Photo: General Dynamics
Sep 19, 2011 By Jim Wolf/Reuters AviationWeek.com
Taiwan accused the Obama administration on Monday of yielding to pressure from China over arms sales to the self-ruled island, renewing its push for new Lockheed Martin F-16 fighter aircraft.
“These years, China is showing stronger and stronger reaction to U.S.-Taiwan arms sales, and that have turned your country more wary with arms sales,” Andrew Yang, the deputy defense minister, told an annual U.S.-Taiwan defense industry conference in Virginia.
The Obama administration informally told U.S. lawmakers late on Friday that it would upgrade Taiwan’s existing 140-plus F-16 A/B jets while holding off on a request for 66 new F-16 C/Ds, the latest model, according to Rupert Hammond-Chambers, president of the business group.
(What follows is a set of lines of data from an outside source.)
(* Let $(J,S)$ be a homogeneous $d$-dimensional multi-time Markov renewal chain with semi-Markov kernel $q$, $u=\sum_{n\ge0}q^{(n)}$, Markov renewal function $U$, and first-hitting-time distribution functions $G=(G_{ij})_{i,j\in E}$. Then $$G=(U-\mathrm{dg}(\mathbbm{1}_s))*\mathrm{dg}(u)^{(-1)}.$$
   Context: $E=\{1,\dots,s\}$; $\mathcal{M}_s(\mathbb{N}^d)$ is the set of functions $\mathbb{N}^d\to\mathbb{R}^{s\times s}$ with convolution $[A*B](k)=\sum_{l+l'=k}A(l)B(l')$, identity $\mathbbm{I}_s$, powers $A^{(n)}$, convolutional inverse $A^{(-1)}$. $\mathrm{dg}(\mathbbm{1}_s)$ is the matrix sequence equal to $I_s$ at every point. $\mathbb{N}^d$ has the componentwise partial order, $k<l$ meaning $k\le l$, $k\ne l$. A homogeneous $d$-dimensional multi-time Markov renewal chain is a process $(J_n,S_n)_{n\in\mathbb{N}}$, $J_n\in E$, $S_n\in\mathbb{N}^d$, $S_0=0_d$, $S_n<S_{n+1}$, with a.s. $\mathbb{P}(J_{n+1}=j,S_{n+1}-S_n=k\mid J_{0:n},S_{0:n})=q_{J_nj}(k)$, $q_{ij}(k)=\mathbb{P}(J_{n+1}=j,S_{n+1}-S_n=k\mid J_n=i)$ independent of $n$. $\mathbb{P}_i,\mathbb{E}_i$: conditional on $J_0=i$. $\mathrm{dg}(u)$: diagonal matrix sequence with entries $u_{jj}$. $N(k)=\sup\{n:S_n\le k\}$, $\widetilde{N}_j(k)=\sum_{n=0}^{N(k)}\mathbf{1}\{J_n=j\}$, $U_{ij}(k)=\mathbb{E}_i[\widetilde{N}_j(k)]$. With $m_j=\min\{l\ge1:J_l=j\}$, $g_{ij}(k)=\mathbb{P}_i(S_{m_j}=k)$ and $G_{ij}(k)=\sum_{l\le k}g_{ij}(l)=\mathbb{P}_i(S_{m_j}\le k)$. *)

theory Defs
  imports "HOL-Probability.Probability" "HOL-Library.Function_Algebras"
begin

text \<open>Time points live in N^d, rendered as functions 'd => nat for a finite index type 'd
  (componentwise order le_fun, pointwise addition/subtraction).  The state space E is a
  finite type 'e (s = CARD('e)); s x s matrices are real^'e^'e.\<close>

type_synonym ('d, 'e) mseq = "('d \<Rightarrow> nat) \<Rightarrow> real^'e^'e"

definition conv :: "('d::finite, 'e::finite) mseq \<Rightarrow> ('d, 'e) mseq \<Rightarrow> ('d, 'e) mseq" where
  "conv A B = (\<lambda>k. \<Sum>l\<in>{l. l \<le> k}. A l ** B (k - l))"

definition conv_id :: "('d::finite, 'e::finite) mseq" where
  "conv_id = (\<lambda>k. if k = 0 then mat 1 else 0)"

fun conv_pow :: "('d::finite, 'e::finite) mseq \<Rightarrow> nat \<Rightarrow> ('d, 'e) mseq" where
  "conv_pow A 0 = conv_id"
| "conv_pow A (Suc n) = conv (conv_pow A n) A"

definition conv_inv :: "('d::finite, 'e::finite) mseq \<Rightarrow> ('d, 'e) mseq" where
  "conv_inv A = (THE B. conv A B = conv_id \<and> conv B A = conv_id)"

text \<open>dg(u): diagonal part; dg_one = dg(1_s), the identity matrix at every point.\<close>
definition dg :: "('d::finite, 'e::finite) mseq \<Rightarrow> ('d, 'e) mseq" where
  "dg A = (\<lambda>k. \<chi> i j. if i = j then A k $ i $ j else 0)"

definition dg_one :: "('d::finite, 'e::finite) mseq" where
  "dg_one = (\<lambda>k. mat 1)"

definition to_mseq :: "('e::finite \<Rightarrow> 'e \<Rightarrow> ('d::finite \<Rightarrow> nat) \<Rightarrow> real) \<Rightarrow> ('d, 'e) mseq" where
  "to_mseq f = (\<lambda>k. \<chi> i j. f i j k)"

text \<open>The a.s. conditional-probability property is expressed through the
  (equivalent, everything being discrete) finite-dimensional path probabilities.\<close>
definition MRC :: "'a measure \<Rightarrow> (nat \<Rightarrow> 'a \<Rightarrow> 'e) \<Rightarrow> (nat \<Rightarrow> 'a \<Rightarrow> ('d::finite \<Rightarrow> nat))
    \<Rightarrow> ('e \<Rightarrow> 'e \<Rightarrow> ('d \<Rightarrow> nat) \<Rightarrow> real) \<Rightarrow> bool" where
  "MRC M J S q \<longleftrightarrow> prob_space M
    \<and> (\<forall>n. J n \<in> measurable M (count_space UNIV))
    \<and> (\<forall>n. S n \<in> measurable M (count_space UNIV))
    \<and> (AE \<omega> in M. S 0 \<omega> = 0)
    \<and> (\<forall>n. AE \<omega> in M. S n \<omega> < S (Suc n) \<omega>)
    \<and> (\<forall>n jj ss j k.
         measure M {\<omega>\<in>space M. (\<forall>m\<le>n. J m \<omega> = jj m \<and> S m \<omega> = ss m)
                              \<and> J (Suc n) \<omega> = j \<and> S (Suc n) \<omega> - S n \<omega> = k}
       = measure M {\<omega>\<in>space M. \<forall>m\<le>n. J m \<omega> = jj m \<and> S m \<omega> = ss m} * q (jj n) j k)"

definition Ncount :: "(nat \<Rightarrow> 'a \<Rightarrow> ('d::finite \<Rightarrow> nat)) \<Rightarrow> ('d \<Rightarrow> nat) \<Rightarrow> 'a \<Rightarrow> nat" where
  "Ncount S k \<omega> = Sup {n. S n \<omega> \<le> k}"

definition Ntilde :: "(nat \<Rightarrow> 'a \<Rightarrow> 'e) \<Rightarrow> (nat \<Rightarrow> 'a \<Rightarrow> ('d::finite \<Rightarrow> nat)) \<Rightarrow> 'e \<Rightarrow> ('d \<Rightarrow> nat) \<Rightarrow> 'a \<Rightarrow> nat" where
  "Ntilde J S j k \<omega> = (\<Sum>n\<le>Ncount S k \<omega>. if J n \<omega> = j then 1 else 0)"

text \<open>Markov renewal function: U i j k = E_i[Ntilde_j(k)], where P_i = M i.\<close>
definition renewal_fun :: "('e \<Rightarrow> 'a measure) \<Rightarrow> (nat \<Rightarrow> 'a \<Rightarrow> 'e) \<Rightarrow> (nat \<Rightarrow> 'a \<Rightarrow> ('d::finite \<Rightarrow> nat))
    \<Rightarrow> 'e \<Rightarrow> 'e \<Rightarrow> ('d \<Rightarrow> nat) \<Rightarrow> real" where
  "renewal_fun M J S i j k = (\<integral>\<omega>. real (Ntilde J S j k \<omega>) \<partial>M i)"

text \<open>First hitting time m_j = min{l >= 1. J_l = j}; the event S_{m_j} = k requires m_j finite.\<close>
definition hit_dens :: "('e \<Rightarrow> 'a measure) \<Rightarrow> (nat \<Rightarrow> 'a \<Rightarrow> 'e) \<Rightarrow> (nat \<Rightarrow> 'a \<Rightarrow> ('d::finite \<Rightarrow> nat))
    \<Rightarrow> 'e \<Rightarrow> 'e \<Rightarrow> ('d \<Rightarrow> nat) \<Rightarrow> real" where
  "hit_dens M J S i j k = measure (M i) {\<omega>\<in>space (M i). (\<exists>l\<ge>1. J l \<omega> = j)
        \<and> S (LEAST l. 1 \<le> l \<and> J l \<omega> = j) \<omega> = k}"

definition hit_dist :: "('e \<Rightarrow> 'a measure) \<Rightarrow> (nat \<Rightarrow> 'a \<Rightarrow> 'e) \<Rightarrow> (nat \<Rightarrow> 'a \<Rightarrow> ('d::finite \<Rightarrow> nat))
    \<Rightarrow> 'e \<Rightarrow> 'e \<Rightarrow> ('d \<Rightarrow> nat) \<Rightarrow> real" where
  "hit_dist M J S i j k = (\<Sum>l\<in>{l. l \<le> k}. hit_dens M J S i j l)"

end

theory Submission
  imports Defs
begin

text \<open>Let g be the matrix of first-passage densities and u = \<Sum>n q^(n).  Splitting a visit
  to j at a step n \<ge> 1 at the first visit to j gives the Markov renewal equation
  u = \<delta> + g * dg(u), with \<delta> the convolution identity.  Its diagonal shows that dg(u) has
  the convolution inverse \<delta> - dg(g).  Summation over {l. l \<le> k} is convolution with the
  constant sequence dg(1), which commutes with everything; hence U = u * dg(1), G = g * dg(1) and
  G = g * dg(u) * dg(u)^(-1) * dg(1) = (u - \<delta>) * dg(1) * dg(u)^(-1) = (U - dg(1)) * dg(u)^(-1).
  All sums are finite: the times S_n increase strictly, so the coordinate sum of S_n is at least n.\<close>

section \<open>Convolution of matrix sequences\<close>

lemma finite_atMost_fun [simp]: "finite {..k :: 'd::finite \<Rightarrow> nat}"
proof (rule finite_subset)
  show "{..k} \<subseteq> Pi\<^sub>E UNIV (\<lambda>d. {..k d})"
    by (auto simp: le_fun_def PiE_def Pi_def extensional_def)
  show "finite (Pi\<^sub>E (UNIV :: 'd set) (\<lambda>d. {..k d}))"
    by (intro finite_PiE) auto
qed

lemma conv_altdef: "conv A B k = (\<Sum>l\<le>k. A l ** B (k - l))"
  by (simp add: conv_def atMost_def)

lemma fun_diff_add_cancel: "(l :: 'd \<Rightarrow> nat) \<le> k \<Longrightarrow> l + (k - l) = k"
  by (auto simp: le_fun_def fun_eq_iff)

lemma fun_diff_diff_cancel: "(l :: 'd \<Rightarrow> nat) \<le> k \<Longrightarrow> k - (k - l) = l"
  by (auto simp: le_fun_def fun_eq_iff)

lemma fun_eq_add_split:
  fixes a b l k :: "'d \<Rightarrow> nat"
  assumes "l \<le> a" and "a \<le> b"
  shows "b = l + k \<longleftrightarrow> (\<exists>c\<le>k. a = l + c \<and> b - a = k - c)"
proof
  assume "b = l + k"
  with assms show "\<exists>c\<le>k. a = l + c \<and> b - a = k - c"
    by (intro exI[of _ "a - l"]) (auto simp: le_fun_def fun_eq_iff le_diff_conv add.commute)
next
  assume "\<exists>c\<le>k. a = l + c \<and> b - a = k - c"
  then obtain c where "c \<le> k" "a = l + c" "b - a = k - c" by blast
  with assms show "b = l + k"
    by (auto simp: le_fun_def fun_eq_iff) (metis add.assoc le_add_diff_inverse)
qed

lemma sum_atMost_fun_triangle:
  fixes f :: "('d::finite \<Rightarrow> nat) \<Rightarrow> ('d \<Rightarrow> nat) \<Rightarrow> 'b::comm_monoid_add"
  shows "(\<Sum>l\<le>k. \<Sum>a\<le>l. f a l) = (\<Sum>a\<le>k. \<Sum>b\<le>k - a. f a (a + b))"
proof -
  have "(\<Sum>l\<le>k. \<Sum>a\<le>l. f a l) = (\<Sum>l\<le>k. \<Sum>a\<in>{a\<in>{..k}. a \<le> l}. f a l)"
    by (intro sum.cong refl) (auto intro: order_trans)
  also have "\<dots> = (\<Sum>a\<le>k. \<Sum>l\<in>{l\<in>{..k}. a \<le> l}. f a l)"
    by (rule sum.swap_restrict) auto
  also have "\<dots> = (\<Sum>a\<le>k. \<Sum>b\<le>k - a. f a (a + b))"
  proof (rule sum.cong[OF refl])
    fix a assume "a \<in> {..k}"
    then show "(\<Sum>l\<in>{l\<in>{..k}. a \<le> l}. f a l) = (\<Sum>b\<le>k - a. f a (a + b))"
      by (intro sum.reindex_bij_witness[where i="\<lambda>b. a + b" and j="\<lambda>l. l - a"])
         (auto simp: fun_diff_add_cancel le_fun_def le_diff_conv2 add.commute intro: diff_le_mono)
  qed
  finally show ?thesis .
qed

lemma matrix_mult_sum_left: "(\<Sum>a\<in>A. f a) ** (B :: 'a::semiring_1^'n^'m) = (\<Sum>a\<in>A. f a ** B)"
  by (induction A rule: infinite_finite_induct)
     (simp_all add: matrix_matrix_mult_def vec_eq_iff sum.distrib distrib_right)

lemma matrix_mult_sum_right: "(A :: 'a::semiring_1^'n^'m) ** (\<Sum>b\<in>B. f b) = (\<Sum>b\<in>B. A ** f b)"
  by (induction B rule: infinite_finite_induct) (simp_all add: matrix_add_ldistrib)

lemma conv_assoc: "conv (conv A B) C = conv A (conv B C)"
proof
  fix k
  have "conv (conv A B) C k = (\<Sum>l\<le>k. \<Sum>a\<le>l. A a ** B (l - a) ** C (k - l))"
    by (simp add: conv_altdef matrix_mult_sum_left)
  also have "\<dots> = (\<Sum>a\<le>k. \<Sum>b\<le>k - a. A a ** B (a + b - a) ** C (k - (a + b)))"
    by (rule sum_atMost_fun_triangle)
  also have "\<dots> = conv A (conv B C) k"
    by (simp add: conv_altdef matrix_mult_sum_right matrix_mul_assoc diff_diff_eq[symmetric] add.commute)
  finally show "conv (conv A B) C k = conv A (conv B C) k" .
qed

lemma conv_commute:
  assumes "\<And>l m. A l ** B m = B m ** A l"
  shows "conv A B = conv B A"
proof
  fix k
  show "conv A B k = conv B A k"
    unfolding conv_altdef
    by (rule sum.reindex_bij_witness[where i="\<lambda>l. k - l" and j="\<lambda>l. k - l"])
       (auto simp: assms fun_diff_diff_cancel le_fun_def)
qed

lemma conv_id_right [simp]: "conv A conv_id = A"
proof
  fix k
  have "conv A conv_id k = (\<Sum>l\<le>k. if l = k then A l else 0)"
    unfolding conv_altdef conv_id_def
    by (intro sum.cong refl) (auto simp: le_fun_def fun_eq_iff intro: antisym)
  then show "conv A conv_id k = A k" by simp
qed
The reported decision to hold off the new F-16s prompted criticism in the U.S. Congress and elsewhere that President Barack Obama is yielding to Beijing despite a 1979 U.S. law that requires Washington to provide sufficient arms for Taiwan’s self-defense.
Yang told the industry forum that Taiwan’s most urgent military hardware needs were new F-16 C/Ds and diesel electric submarines—sales that Beijing appears to oppose above all other U.S. arms supplies to Taiwan to date.
He said the new F-16s would replace antiquated F-5s “to maintain air superiority across the Taiwan Strait in the near future.”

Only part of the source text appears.